Edit: Name has changed to ExpandNestedData.jl based on the feedback in this thread.
I often have to “flatten out” nested JSON data into tables, so I decided to have a go at a package that can handle the task more flexibly than just writing a bunch of nested for loops. And so Normalize.jl was born.
using Normalize
using JSON3
using DataFrames
message = JSON3.read("""
{
"a" : [
{"b" : 1, "c" : 2},
{"b" : 2},
{"b" : [3, 4], "c" : 1},
{"b" : []}
],
"d" : 4
}
"""
)
normalize(message) |> DataFrame
Returns:
4×3 DataFrame
Row | d | a_b | a_c |
---|---|---|---|
Int64 | Union… | Int64? | |
1 | 4 | 1 | 2 |
2 | 4 | 2 | missing |
3 | 4 | [3, 4] | 1 |
4 | 4 | [] |
missing |
It has options for
- Using PooledArrays (helpful with large JSON/XML files with repetative data)

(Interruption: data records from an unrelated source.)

definition loo_weight :: "nat \<Rightarrow> nat \<Rightarrow> 'a \<Rightarrow> real" where
  "loo_weight t T \<omega> = 1 / max (real (card (Rset (P(t := \<lambda>_. 0)) af lf tf T \<omega>))) 1"

lemma loo_weight_01: "loo_weight t T \<omega> \<in> {0..1}"
  unfolding loo_weight_def by auto

lemma finite_loo_weight_range: "finite (loo_weight t T ` space M)"
proof (rule finite_subset)
  show "loo_weight t T ` space M \<subseteq> (\<lambda>k. 1 / max (real k) 1) ` {..T}"
    unfolding loo_weight_def using card_Rset_le by (auto intro!: imageI)
qed simp

lemma borel_measurable_loo_weight: "loo_weight t T \<in> borel_measurable (others t)"
proof -
  have "(P(t := \<lambda>_. 0)) k \<in> borel_measurable (others t)" if "k \<in> {1..T}" for k
    using that by (cases "k = t") (auto intro: borel_measurable_others)
  then show ?thesis
    unfolding loo_weight_def[abs_def] using borel_measurable_card_Rset by measurable
qed

lemma loo_weight_eq_on_rejection:
  assumes "lamj P af lf tf t \<omega> < tauj P af lf tf t \<omega>" "alphaj P af lf tf t \<omega> \<le> lamj P af lf tf t \<omega>"
    and "\<omega> \<in> rejection t"
  shows "loo_weight t T \<omega> = 1 / nR T \<omega>"
proof -
  have "Rset (P(t := \<lambda>_. 0)) af lf tf T \<omega> = Rset P af lf tf T \<omega>"
    using assms af lf tf unfolding alphaj_def lamj_def tauj_def
    by (intro Rset_fun_upd_eq[OF refl]) force
  then show ?thesis
    unfolding loo_weight_def by simp
qed

lemma loo_weight_le_on_candidate:
  assumes "monotone_past af" "monotone_past lf" "monotone_past (\<lambda>h. 1 - tf h)"
    and "P t \<omega> \<le> tauj P af lf tf t \<omega>"
  shows "loo_weight t T \<omega> \<le> 1 / nR T \<omega>"
proof -
  have "Rset P af lf tf T \<omega> \<subseteq> Rset (P(t := \<lambda>_. 0)) af lf tf T \<omega>"
    using assms af lf unfolding tauj_def by (intro Rset_subset_fun_upd[OF assms(1-3) refl]) auto
  then have "card (Rset P af lf tf T \<omega>) \<le> card (Rset (P(t := \<lambda>_. 0)) af lf tf T \<omega>)"
    by (rule card_mono[OF finite_subset[OF Rset_subset finite_atLeastAtMost]])
  then show ?thesis
    unfolding loo_weight_def by (intro divide_left_mono max.mono) auto
qed

lemma rejection_div_nR_le:
  assumes indep: "nulls_indep M P H0" and t: "t \<in> H0"
    and mono: "monotone_past af" "monotone_past lf" "monotone_past (\<lambda>h. 1 - tf h)"
  shows "(\<integral>\<omega>. indicator (rejection t) \<omega> / nR T \<omega> \<partial>M) \<le> (\<integral>\<omega>. D t \<omega> / nR T \<omega> \<partial>M)"
proof -
  have "1 \<le> t" using t H0_pos by auto
  have [measurable]: "loo_weight t T \<in> borel_measurable M"
    using subalgebra_others borel_measurable_loo_weight by (rule measurable_from_subalg)
  have "(\<integral>\<omega>. indicator (rejection t) \<omega> / nR T \<omega> \<partial>M)
      = (\<integral>\<omega>. indicator (rejection t) \<omega> * loo_weight t T \<omega> \<partial>M)"
    using thresholds_ordered \<open>1 \<le> t\<close>
    by (intro integral_cong_AE) (auto simp: loo_weight_eq_on_rejection indicator_def elim!: AE_mp)
  also have "\<dots> \<le> (\<integral>\<omega>. D t \<omega> * loo_weight t T \<omega> \<partial>M)"
    by (rule weighted_rejection_le_D[OF indep t borel_measurable_loo_weight finite_loo_weight_range loo_weight_01])
  also have "\<dots> \<le> (\<integral>\<omega>. D t \<omega> / nR T \<omega> \<partial>M)"
  proof (rule integral_mono_AE)
    show "AE \<omega> in M. D t \<omega> * loo_weight t T \<omega> \<le> D t \<omega> / nR T \<omega>"
      using D_nonneg
    proof (rule AE_mp, intro AE_I2 impI)
      fix \<omega> assume "\<forall>j\<ge>1. 0 \<le> D j \<omega>"
      then have "0 \<le> D t \<omega>" using \<open>1 \<le> t\<close> by simp
      then show "D t \<omega> * loo_weight t T \<omega> \<le> D t \<omega> / nR T \<omega>"
        using loo_weight_le_on_candidate[OF mono, of t \<omega> T] mult_left_mono
        by (cases "P t \<omega> \<le> tauj P af lf tf t \<omega>") (fastforce simp: addis_term_def)+
    qed
    show "integrable M (\<lambda>\<omega>. D t \<omega> * loo_weight t T \<omega>)"
      using loo_weight_01 by (intro integrable_D_mult) (auto simp: abs_le_iff)
    show "integrable M (\<lambda>\<omega>. D t \<omega> / nR T \<omega>)"
      using integrable_D_mult[of "\<lambda>\<omega>. 1 / nR T \<omega>" t] by simp
  qed
  finally show ?thesis .
qed

lemma FDR_le:
  assumes indep: "nulls_indep M P H0"
    and mono: "monotone_past af" "monotone_past lf" "monotone_past (\<lambda>h. 1 - tf h)"
    and FDP: "AE \<omega> in M. \<forall>t. FDPhat_ADDIS P af lf tf t \<omega> \<le> \<alpha>" and "0 \<le> \<alpha>"
  shows "FDR M P H0 af lf tf T \<le> \<alpha>"
proof -
  have nR_inverse: "1 / nR T \<omega> \<in> {0..1}" for \<omega>
    by auto
  note integrable = integrable_rejection_mult[of "\<lambda>\<omega>. 1 / nR T \<omega>"] integrable_D_mult[of "\<lambda>\<omega>. 1 / nR T \<omega>"]
  have "FDR M P H0 af lf tf T = (\<integral>\<omega>. (\<Sum>j\<in>H0 \<inter> {1..T}. indicator (rejection j) \<omega> / nR T \<omega>) \<partial>M)"
    unfolding FDR_def
    by (intro Bochner_Integration.integral_cong) (simp_all add: card_null_rejections_eq sum_divide_distrib)
  also have "\<dots> = (\<Sum>j\<in>H0 \<inter> {1..T}. \<integral>\<omega>. indicator (rejection j) \<omega> / nR T \<omega> \<partial>M)"
    using integrable nR_inverse by (intro Bochner_Integration.integral_sum) auto
  also have "\<dots> \<le> (\<Sum>j\<in>H0 \<inter> {1..T}. \<integral>\<omega>. D j \<omega> / nR T \<omega> \<partial>M)"
    by (intro sum_mono rejection_div_nR_le[OF indep _ mono]) auto
  also have "\<dots> \<le> (\<Sum>j\<in>{1..T}. \<integral>\<omega>. D j \<omega> / nR T \<omega> \<partial>M)"
    using D_nonneg by (intro sum_mono2 integral_nonneg_AE) auto
  also have "\<dots> = (\<integral>\<omega>. FDPhat_ADDIS P af lf tf T \<omega> \<partial>M)"
    using integrable nR_inverse
    by (simp add: FDPhat_ADDIS_eq sum_divide_distrib Bochner_Integration.integral_sum)
  also have "\<dots> \<le> (\<integral>\<omega>. \<alpha> \<partial>M)"
    by (rule integral_mono_AE') (use FDP \<open>0 \<le> \<alpha>\<close> in auto)
  also have "\<dots> = \<alpha>"
    by (simp add: prob_space)
  finally show ?thesis .
qed

end

theorem theorem1:
  fixes M :: "'a measure" and P :: "nat \<Rightarrow> 'a \<Rightarrow> real" and H0 :: "nat set"
    and \<alpha> :: real and af lf tf :: "hist \<Rightarrow> real"
  assumes "prob_space M"
    and "\<And>j. P j \<in> borel_measurable M"
    and "H0 \<subseteq> {1..}"
    and "0 < \<alpha>" and "\<alpha> < 1"
    and "\<And>h. af h \<in> {0..1}" and "\<And>h. lf h \<in> {0..1}" and "\<And>h. tf h \<in> {0..1}"
    and "AE \<omega> in M. \<forall>j\<ge>1. tauj P af lf tf j \<omega> > lamj P af lf tf j \<omega>
                          \<and> lamj P af lf tf j \<omega> \<ge> alphaj P af lf tf j \<omega>"
    and "cond_unif_conservative M P H0 af lf tf"
    and "AE \<omega> in M. \<forall>t. FDPhat_ADDIS P af lf tf t \<omega> \<le> \<alpha>"
  shows "(\<forall>t. mFDR M P H0 af lf tf t \<le> \<alpha>) \<and>
         (nulls_indep M P H0 \<and> monotone_past af \<and> monotone_past lf
            \<and> monotone_past (\<lambda>h. 1 - tf h)
          \<longrightarrow> (\<forall>t. FDR M P H0 af lf tf t \<le> \<alpha>))"
proof -
  \<comment> \<open>of the hypotheses on \<open>\<alpha>\<close> only \<open>0 \<le> \<alpha>\<close> is used\<close>
  interpret addis M P H0 af lf tf
    by (rule addis.intro[OF assms(1)], unfold_locales) (use assms in auto)
  show ?thesis
    using mFDR_le[OF assms(11)] FDR_le[OF _ _ _ _ assms(11)] assms(4) by simp
qed

end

- Flattening array values (would spread
[3, 4]
in the previous example to two rows) - Setting default for missing values
- Replacing automatic names with something more meaningful
- Specifying all these settings on a per-column level
Since this is my first attempt at a package, I’d really love some advice/guidance on a few things:
- How the docs can be improved. (Side note here – Documenter.jl is populating the
Dev
version, but I don’t know how to get theStable
version of the docs to publish) - The API: Thoughts on the custom
ColumnDefinition
struct for accepting user parameters? Other options that should be supported? - Code organization: I’ve notice that a lot of repos keep their whole source in one, very long file. I split mine up into a bunch of purpose-specific files normally, but I want to respect the community’s preferences if this is going to be a public package. Is there a best practice?
- I invented the
NestedIterator
struct and the various repeating/stacking functions that can be applied to them because nestingIterators.repeated(cycle(somegenerator, 4))...
was slowing things way down, I think because of Inference. However, it trades off with having to do a large number of composed steps for each index when collecting into aVector
at the end. Is there a better approach for deeply nesting iterators like this? - The name. Googling
normalize
does generally yield “normal data structure” in the context of database tables, but I know that it’s also used for “normalizing data” in the context of ML and statistics. I don’t want to take up prime real estate in the namespace if there is a better name for this package.
Current Loose Ends that I’m tracking:
- Currently, I’m checking across all column definitions for unique names and whether I’m at a “leaf node” at every step. Really, this should be parsed into a graph first, and then passed into the processing steps.
- I want to rename
stack
iterators tovcat
since that is really what’s happening. - Stable Docs don’t work
- Write tests for functions below the public api (especially NestedIterators)
- I’m currently testing with
JSON3.jl
(both itsJSON3.Object
andStructType.jl
outputs), but this should work withYAML.jl
,XMLDict.jl
, etc. I’d like to add tests for these.
Edit: corrected the output now that code is working correctly. Thank you, @Dan!